Upload on the web was introduced back in November with support for uploading and importing CSVs directly to a Dolt repository. The original announcement post does a great job of introducing the functionality. At the time, we knew that the implementation was just the first step along the path to full featured import and editing features on Dolthub, and we had plans to iterate on it quickly. One of the first improvements we wanted to make was to support importing larger files.

When we first built import on the web, we went for the simplest implementation that would deliver our users value. This meant that we included the import payload directly in the RPCs that were generating the import preview and the imported Dolt commits after the import was processed. This was a great way to land the feature quickly and iterate on the user experience, but it had limitations.

Our API server enforces limits on request payload size and acceptable request timeouts and we like the operational characteristics of keeping those things pretty homogenous across different RPCs. We could have increased these arbitrary limits, up to at least a point, but we knew there were limits to how far we would want to push a design like that. So after landing the initial support for import on the web, we started implementing a way to communicate the import payload and to perform the import work out-of-band of API RPCs themselves.

Moving the payload out of band

Our API server is a gRPC service that communicates in request and response payloads encoded as protobuf messages. We knew that we didn't want exceptionally large request payloads inbound to the API server itself, and so our first step in supporting large file uploads was to move the import content itself out of band.

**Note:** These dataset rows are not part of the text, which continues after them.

(* Let $n\ge 2$ and let $P_n$ be the path on $n$ vertices. Then $$\tau(P_n)=\begin{cases}1 & \text{if } n\equiv 0 \pmod 4,\\ \lfloor n/4\rfloor & \text{if } n\equiv 1 \pmod 4,\\ (\lfloor n/4\rfloor+1)^2 & \text{if } n\equiv 2 \pmod 4,\\ \lfloor n/4\rfloor+2 & \text{if } n\equiv 3 \pmod 4.\end{cases}$$
   Context: A set $D \subseteq V(G)$ is a total dominating set of a graph $G$ if every vertex of $G$ has a neighbor in $D$. $\gamma_t(G)$ is the minimum cardinality of a total dominating set; a minimum one is a $\gamma_t(G)$-set, and $\tau(G)$ is the number of $\gamma_t(G)$-sets. *)

theory Defs
  imports Main
begin

definition total_dominating_set :: "'a set \<Rightarrow> ('a \<Rightarrow> 'a \<Rightarrow> bool) \<Rightarrow> 'a set \<Rightarrow> bool" where
  "total_dominating_set V E D \<longleftrightarrow> D \<subseteq> V \<and> (\<forall>v\<in>V. \<exists>u\<in>D. E v u)"

definition gamma_t :: "'a set \<Rightarrow> ('a \<Rightarrow> 'a \<Rightarrow> bool) \<Rightarrow> nat" where
  "gamma_t V E = (LEAST k. \<exists>D. total_dominating_set V E D \<and> card D = k)"

definition tau :: "'a set \<Rightarrow> ('a \<Rightarrow> 'a \<Rightarrow> bool) \<Rightarrow> nat" where
  "tau V E = card {D. total_dominating_set V E D \<and> card D = gamma_t V E}"

definition path_vertices :: "nat \<Rightarrow> nat set" where
  "path_vertices n = {1..n}"

definition path_adj :: "nat \<Rightarrow> nat \<Rightarrow> bool" where
  "path_adj i j \<longleftrightarrow> i + 1 = j \<or> j + 1 = i"

end

theory Submission
  imports Defs
begin

text \<open>A total dominating set of the path 1, ..., n is built from left to right. After the
  first n vertices only two bits matter: whether n - 1 and n belong to D. For each of the four
  states we track the lowest term (m, c) of the counting sequence k \<mapsto> #sets of size k:
  leaving n + 1 out forces n - 1 \<in> D, while putting n + 1 in shifts the size by one and adds two
  states. Starting from n = 1, these transitions reproduce a table that is periodic in n with
  period 4, with sizes growing by 2 and counts polynomial in n div 4. Finally D totally dominates
  the whole path iff n - 1 \<in> D, so gamma_t and tau are read off the two states with n - 1 \<in> D.\<close>

text \<open>With c = 0 this only says that f vanishes on {0..m}.\<close>

definition lowest_term :: "(nat \<Rightarrow> nat) \<Rightarrow> nat \<times> nat \<Rightarrow> bool" where
  "lowest_term f mc \<longleftrightarrow> (\<forall>k < fst mc. f k = 0) \<and> f (fst mc) = snd mc"

lemma lowest_term_iff [simp]: "lowest_term f (m, c) \<longleftrightarrow> (\<forall>k < m. f k = 0) \<and> f m = c"
  by (simp add: lowest_term_def)

fun lowest_add :: "nat \<times> nat \<Rightarrow> nat \<times> nat \<Rightarrow> nat \<times> nat" where
  "lowest_add (m1, c1) (m2, c2) =
     (min m1 m2, (if m1 \<le> m2 then c1 else 0) + (if m2 \<le> m1 then c2 else 0))"

lemma lowest_term_add:
  assumes "lowest_term f p" and "lowest_term g q"
  shows "lowest_term (\<lambda>k. f k + g k) (lowest_add p q)"
  using assms by (cases p; cases q) (auto simp: min_def)

lemma lowest_term_Suc:
  assumes "f 0 = 0" and "lowest_term (\<lambda>k. f (Suc k)) p"
  shows "lowest_term f (apfst Suc p)"
  using assms by (cases p) (auto simp: less_Suc_eq_0_disj)

text \<open>Vertices 1, ..., n - 1 are totally dominated; a and b record whether n - 1 and n lie
  in D. Vertex 0 never lies in D, so for i = 1 and for n = 1 the subtraction is harmless.\<close>

definition dom_prefix :: "nat \<Rightarrow> bool \<Rightarrow> bool \<Rightarrow> nat \<Rightarrow> nat set set" where
  "dom_prefix n a b k = {D. D \<subseteq> {1..n} \<and> card D = k
     \<and> (\<forall>i\<in>{1..<n}. i - 1 \<in> D \<or> i + 1 \<in> D) \<and> (n - 1 \<in> D \<longleftrightarrow> a) \<and> (n \<in> D \<longleftrightarrow> b)}"

lemma finite_dom_prefix: "finite (dom_prefix n a b k)"
  by (rule finite_subset[of _ "Pow {1..n}"]) (auto simp: dom_prefix_def)

lemma dom_prefix_Suc_out:
  assumes "n \<ge> 1"
  shows "dom_prefix (Suc n) b False k = dom_prefix n True b k"
proof -
  have "n - 1 \<in> D" if "\<forall>i\<in>{1..<Suc n}. i - 1 \<in> D \<or> i + 1 \<in> D" "Suc n \<notin> D" for D :: "nat set"
    using that(1)[rule_format, of n] that(2) assms by auto
  with assms show ?thesis
    unfolding dom_prefix_def by (auto simp: subset_iff less_Suc_eq le_Suc_eq)
qed

lemma dom_prefix_Suc_in:
  assumes "n \<ge> 1"
  shows "dom_prefix (Suc n) b True (Suc k)
    = insert (Suc n) ` (dom_prefix n True b k \<union> dom_prefix n False b k)"
proof (rule set_eqI, rule iffI)
  fix D assume D: "D \<in> dom_prefix (Suc n) b True (Suc k)"
  then have "finite D" unfolding dom_prefix_def by (auto intro: finite_subset)
  with D have "D - {Suc n} \<in> dom_prefix n True b k \<union> dom_prefix n False b k"
    unfolding dom_prefix_def by (auto simp: subset_iff le_Suc_eq)
  moreover have "D = insert (Suc n) (D - {Suc n})" using D unfolding dom_prefix_def by auto
  ultimately show "D \<in> insert (Suc n) ` (dom_prefix n True b k \<union> dom_prefix n False b k)" by blast
next
  fix D assume "D \<in> insert (Suc n) ` (dom_prefix n True b k \<union> dom_prefix n False b k)"
  then obtain E where E: "E \<in> dom_prefix n True b k \<union> dom_prefix n False b k"
    and D: "D = insert (Suc n) E"
    by auto
  then have "finite E" "Suc n \<notin> E" unfolding dom_prefix_def by (auto intro: finite_subset)
  with E D assms show "D \<in> dom_prefix (Suc n) b True (Suc k)"
    unfolding dom_prefix_def by (auto simp: less_Suc_eq)
qed

lemma card_dom_prefix_Suc_in:
  assumes "n \<ge> 1"
  shows "card (dom_prefix (Suc n) b True (Suc k))
    = card (dom_prefix n True b k) + card (dom_prefix n False b k)"
proof -
  have "inj_on (insert (Suc n)) (dom_prefix n True b k \<union> dom_prefix n False b k)" (is "inj_on _ ?P")
  proof (rule inj_onI)
    fix X Y assume "X \<in> ?P" "Y \<in> ?P" "insert (Suc n) X = insert (Suc n) Y"
    moreover from \<open>X \<in> ?P\<close> \<open>Y \<in> ?P\<close> have "Suc n \<notin> X" "Suc n \<notin> Y"
      by (auto simp: dom_prefix_def)
    ultimately show "X = Y" by (simp add: insert_ident)
  qed
  moreover have "dom_prefix n True b k \<inter> dom_prefix n False b k = {}"
    by (auto simp: dom_prefix_def)
  ultimately show ?thesis
    using assms by (simp add: dom_prefix_Suc_in card_image card_Un_disjoint finite_dom_prefix)
qed

lemma dom_prefix_Suc_in_0: "dom_prefix (Suc n) b True 0 = {}"
  by (auto simp: dom_prefix_def card_eq_0_iff dest: finite_subset)

definition counts_profile :: "nat \<Rightarrow> nat \<times> nat \<Rightarrow> nat \<times> nat \<Rightarrow> nat \<times> nat \<Rightarrow> nat \<times> nat \<Rightarrow> bool" where
  "counts_profile n ff ft tf tt \<longleftrightarrow>
     lowest_term (\<lambda>k. card (dom_prefix n False False k)) ff \<and>
     lowest_term (\<lambda>k. card (dom_prefix n False True k)) ft \<and>
     lowest_term (\<lambda>k. card (dom_prefix n True False k)) tf \<and>
     lowest_term (\<lambda>k. card (dom_prefix n True True k)) tt"

lemma lowest_term_dom_prefix_Suc_in:
  assumes "n \<ge> 1"
    and "lowest_term (\<lambda>k. card (dom_prefix n True b k)) p"
    and "lowest_term (\<lambda>k. card (dom_prefix n False b k)) q"
  shows "lowest_term (\<lambda>k. card (dom_prefix (Suc n) b True k)) (apfst Suc (lowest_add p q))"
  by (rule lowest_term_Suc)
    (use assms lowest_term_add in \<open>simp_all add: dom_prefix_Suc_in_0 card_dom_prefix_Suc_in\<close>)

lemma counts_profile_Suc:
  assumes "n \<ge> 1" and "counts_profile n ff ft tf tt"
  shows "counts_profile (Suc n) tf (apfst Suc (lowest_add tf ff)) tt (apfst Suc (lowest_add tt ft))"
  using assms lowest_term_dom_prefix_Suc_in[OF assms(1)]
  by (simp add: counts_profile_def dom_prefix_Suc_out)

lemma counts_profile_1: "counts_profile 1 (0, 1) (1, 1) (1, 0) (2, 0)"
proof -
  have "dom_prefix 1 True b k = {}" for b k
    by (auto simp: dom_prefix_def)
  moreover have "dom_prefix 1 False False k = (if k = 0 then {{}} else {})" for k
    by (auto simp: dom_prefix_def subset_singleton_iff)
  moreover have "dom_prefix 1 False True k = (if k = 1 then {{1}} else {})" for k
    by (auto simp: dom_prefix_def card_Suc_eq subset_singleton_iff)
  ultimately show ?thesis
    by (simp add: counts_profile_def)
qed

lemma counts_profile_4q1_4q2:
  assumes "counts_profile (4*q+1) (2*q, 1) (2*q+1, q+1) (2*q+1, q) (2*q+2, q*(q+1))"
  shows "counts_profile (4*q+2) (2*q+1, q) (2*q+1, 1) (2*q+2, q*(q+1)) (2*q+2, q+1)"
  using counts_profile_Suc[OF _ assms] by (simp add: eval_nat_numeral)

lemma counts_profile_4q2_4q3:
  assumes "counts_profile (4*q+2) (2*q+1, q) (2*q+1, 1) (2*q+2, q*(q+1)) (2*q+2, q+1)"
  shows "counts_profile (4*q+3) (2*q+2, q*(q+1)) (2*q+2, q) (2*q+2, q+1) (2*q+2, 1)"
  using counts_profile_Suc[OF _ assms] by (simp add: eval_nat_numeral)

lemma counts_profile_4q3_4q4:
  assumes "counts_profile (4*q+3) (2*q+2, q*(q+1)) (2*q+2, q) (2*q+2, q+1) (2*q+2, 1)"
  shows "counts_profile (4*q+4) (2*q+2, q+1) (2*q+3, (q+1)^2) (2*q+2, 1) (2*q+3, q+1)"
  using counts_profile_Suc[OF _ assms] by (simp add: eval_nat_numeral)

lemma counts_profile_4q4_4q5:
  assumes "counts_profile (4*q+4) (2*q+2, q+1) (2*q+3, (q+1)^2) (2*q+2, 1) (2*q+3, q+1)"
  shows "counts_profile (4*(q+1)+1)
    (2*(q+1), 1) (2*(q+1)+1, q+2) (2*(q+1)+1, q+1) (2*(q+1)+2, (q+1)*(q+2))"
  using counts_profile_Suc[OF _ assms] by (simp add: eval_nat_numeral algebra_simps)

lemma counts_profile_4q1:
  "counts_profile (4*q+1) (2*q, 1) (2*q+1, q+1) (2*q+1, q) (2*q+2, q*(q+1))"
proof (induction q)
  case 0
  then show ?case using counts_profile_1 by (simp add: eval_nat_numeral)
next
  case (Suc q)
  then show ?case
    using counts_profile_4q1_4q2 counts_profile_4q2_4q3 counts_profile_4q3_4q4 counts_profile_4q4_4q5
    by simp
qed

lemma gamma_t_tau_eq_lowest_term:
  assumes "finite V"
    and "lowest_term (\<lambda>k. card {D. total_dominating_set V E D \<and> card D = k}) (m, c)"
    and "c > 0"
  shows "gamma_t V E = m" and "tau V E = c"
proof -
  have fin: "finite {D. total_dominating_set V E D \<and> card D = k}" for k
    by (rule finite_subset[of _ "Pow V"]) (auto simp: total_dominating_set_def assms(1))
  have none_below: "\<not> (\<exists>D. total_dominating_set V E D \<and> card D = k)" if "k < m" for k
  proof -
    have "card {D. total_dominating_set V E D \<and> card D = k} = 0"
      using assms(2) that by simp
    with fin[of k] show ?thesis by simp
  qed
  have "{D. total_dominating_set V E D \<and> card D = m} \<noteq> {}"
    using assms(2,3) by (metis card.empty lowest_term_iff less_irrefl)
  then have "\<exists>D. total_dominating_set V E D \<and> card D = m" by blast
  then show "gamma_t V E = m"
    unfolding gamma_t_def by (rule Least_equality) (use none_below not_le in blast)
  then show "tau V E = c"
    using assms(2) by (simp add: tau_def)
qed

lemma total_dominating_set_path_iff:
  assumes "n \<ge> 2"
  shows "total_dominating_set (path_vertices n) path_adj D \<and> card D = k
     \<longleftrightarrow> D \<in> dom_prefix n True False k \<union> dom_prefix n True True k"
proof -
  have "total_dominating_set (path_vertices n) path_adj D
     \<longleftrightarrow> D \<subseteq> {1..n} \<and> (\<forall>i\<in>{1..<n}. i - 1 \<in> D \<or> i + 1 \<in> D) \<and> n - 1 \<in> D"
  proof
    assume "total_dominating_set (path_vertices n) path_adj D"
    then have sub: "D \<subseteq> {1..n}" and dom: "\<forall>v\<in>{1..n}. \<exists>u\<in>D. v + 1 = u \<or> u + 1 = v"
      by (auto simp: total_dominating_set_def path_vertices_def path_adj_def)
    have "i - 1 \<in> D \<or> i + 1 \<in> D" if "i \<in> {1..<n}" for i
      using dom that by fastforce
    moreover have "n - 1 \<in> D"
      using dom sub assms by fastforce
    ultimately show "D \<subseteq> {1..n} \<and> (\<forall>i\<in>{1..<n}. i - 1 \<in> D \<or> i + 1 \<in> D) \<and> n - 1 \<in> D"
      using sub by blast
  next
    assume D: "D \<subseteq> {1..n} \<and> (\<forall>i\<in>{1..<n}. i - 1 \<in> D \<or> i + 1 \<in> D) \<and> n - 1 \<in> D"
    have "\<exists>u\<in>D. path_adj v u" if "v \<in> {1..n}" for v
    proof (cases "v = n")
      case True
      then show ?thesis using D assms by (intro bexI[of _ "n - 1"]) (auto simp: path_adj_def)
    next
      case False
      with D that have "v - 1 \<in> D \<or> v + 1 \<in> D" by auto
      with that show ?thesis
        by (auto simp: path_adj_def intro: bexI[of _ "v - 1"] bexI[of _ "v + 1"])
    qed
    with D show "total_dominating_set (path_vertices n) path_adj D"
      by (auto simp: total_dominating_set_def path_vertices_def)
  qed
  then show ?thesis
    by (auto simp: dom_prefix_def)
qed

lemma tau_path_eq_lowest_add:
  assumes "n \<ge> 2" and "counts_profile n ff ft tf tt" and "snd (lowest_add tf tt) > 0"
  shows "tau (path_vertices n) path_adj = snd (lowest_add tf tt)"
proof -
  have "card {D. total_dominating_set (path_vertices n) path_adj D \<and> card D = k}
      = card (dom_prefix n True False k) + card (dom_prefix n True True k)" for k
    unfolding total_dominating_set_path_iff[OF assms(1)] Collect_mem_eq
    by (rule card_Un_disjoint) (auto simp: finite_dom_prefix dom_prefix_def)
  then have "lowest_term
      (\<lambda>k. card {D. total_dominating_set (path_vertices n) path_adj D \<and> card D = k})
      (lowest_add tf tt)"
    using assms(2) lowest_term_add by (simp add: counts_profile_def)
  then show ?thesis
    using gamma_t_tau_eq_lowest_term(2)[of "path_vertices n"] assms(3)
    by (metis finite_atLeastAtMost path_vertices_def prod.collapse)
qed

lemma nat_ge_2_mod_4_cases:
  fixes n :: nat
  assumes "n \<ge> 2"
  obtains (mod0) q where "n = 4*q + 4" | (mod1) q where "n = 4*q + 1" "q \<ge> 1"
    | (mod2) q where "n = 4*q + 2" | (mod3) q where "n = 4*q + 3"
proof -
  have "n mod 4 < 4" by simp
  then consider "n mod 4 = 0" | "n mod 4 = 1" | "n mod 4 = 2" | "n mod 4 = 3" by linarith
  then show ?thesis
  proof cases
    case 1
    then show ?thesis
      using assms div_mult_mod_eq[of n 4] by (intro that(1)[of "n div 4 - 1"]) linarith
  next
    case 2
    then show ?thesis using assms div_mult_mod_eq[of n 4] by (intro that(2)[of "n div 4"]) linarith+
  next
    case 3
    then show ?thesis using div_mult_mod_eq[of n 4] by (intro that(3)[of "n div 4"]) linarith
  next
    case 4
    then show ?thesis using div_mult_mod_eq[of n 4] by (intro that(4)[of "n div 4"]) linarith
  qed
qed

theorem theorem5p1:
  fixes n :: nat
  assumes "n \<ge> 2"
  shows "tau (path_vertices n) path_adj =
    (if n mod 4 = 0 then 1
     else if n mod 4 = 1 then n div 4
     else if n mod 4 = 2 then (n div 4 + 1)^2
     else n div 4 + 2)"
  using assms
proof (cases rule: nat_ge_2_mod_4_cases)
  case (mod0 q)
  then show ?thesis
    using tau_path_eq_lowest_add[OF assms] counts_profile_4q3_4q4[OF counts_profile_4q2_4q3[OF
        counts_profile_4q1_4q2[OF counts_profile_4q1[of q]]]] by simp
next
  case (mod1 q)
  then show ?thesis
    using tau_path_eq_lowest_add[OF assms] counts_profile_4q1[of q] by simp
next
  case (mod2 q)
  then have "n mod 4 = 2" "n div 4 = q" by presburger+
  then show ?thesis
    using \<open>n = 4*q + 2\<close> tau_path_eq_lowest_add[OF assms]
      counts_profile_4q1_4q2[OF counts_profile_4q1[of q]]
    by (simp add: power2_eq_square)
next
  case (mod3 q)
  then have "n mod 4 = 3" "n div 4 = q" by presburger+
  then show ?thesis
    using \<open>n = 4*q + 3\<close> tau_path_eq_lowest_add[OF assms]
      counts_profile_4q2_4q3[OF counts_profile_4q1_4q2[OF counts_profile_4q1[of q]]] by simp
qed

end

We implemented an RPC on the API server that a client could use in order to get a description of an upload location. The website can then upload the contents of the import file to that location. Once the import contents have been uploaded to this location, the client can come back with a file import RPC that has all the information it did previously, but instead of including the file contents inline it now includes a reference to the uploaded content.

The flow ends up looking like:

Upload File Flow

This is more complicated state management on the client, but it provides some real benefits:

  1. The client can coordinate with the API to interact with the same

import file contents multiple times without the client needing to upload the contents more than once and with the API staying stateless. That means the client can let the user iterate on the schema of the imported data, preview the import diffs, and finally import the content to create a commit in their Dolthub repository, all while the client only uploads the CSV file once.

  1. The client and the API can leverage S3 features as an HTTP server

and a featureful blob storage API to reduce implementation complexity elsewhere. For example, both client and server can make good use of Transfer-Encoding to get transit compression without having to build that into our API semantics. We can also use things like the S3 object expire time, since these are all short term assets that are only needed for the import flow, to transparently delete the content after it is no longer necessary.

After moving the import contents payload out of band, we were no longer constrained by our API server's maximum request payload limit when it came to choosing a max file upload to support. But we quickly hit another limit when we tried to increase our maximum import file size. The RPCs to preview the import and create the import commit itself were still synchronous. Similar to request size limits, we have standard timeouts on how long synchronous RPC requests can run. Our next step was to move the import processing out-of-band so that it could proceed decoupled from the lifecycle of an API RPC.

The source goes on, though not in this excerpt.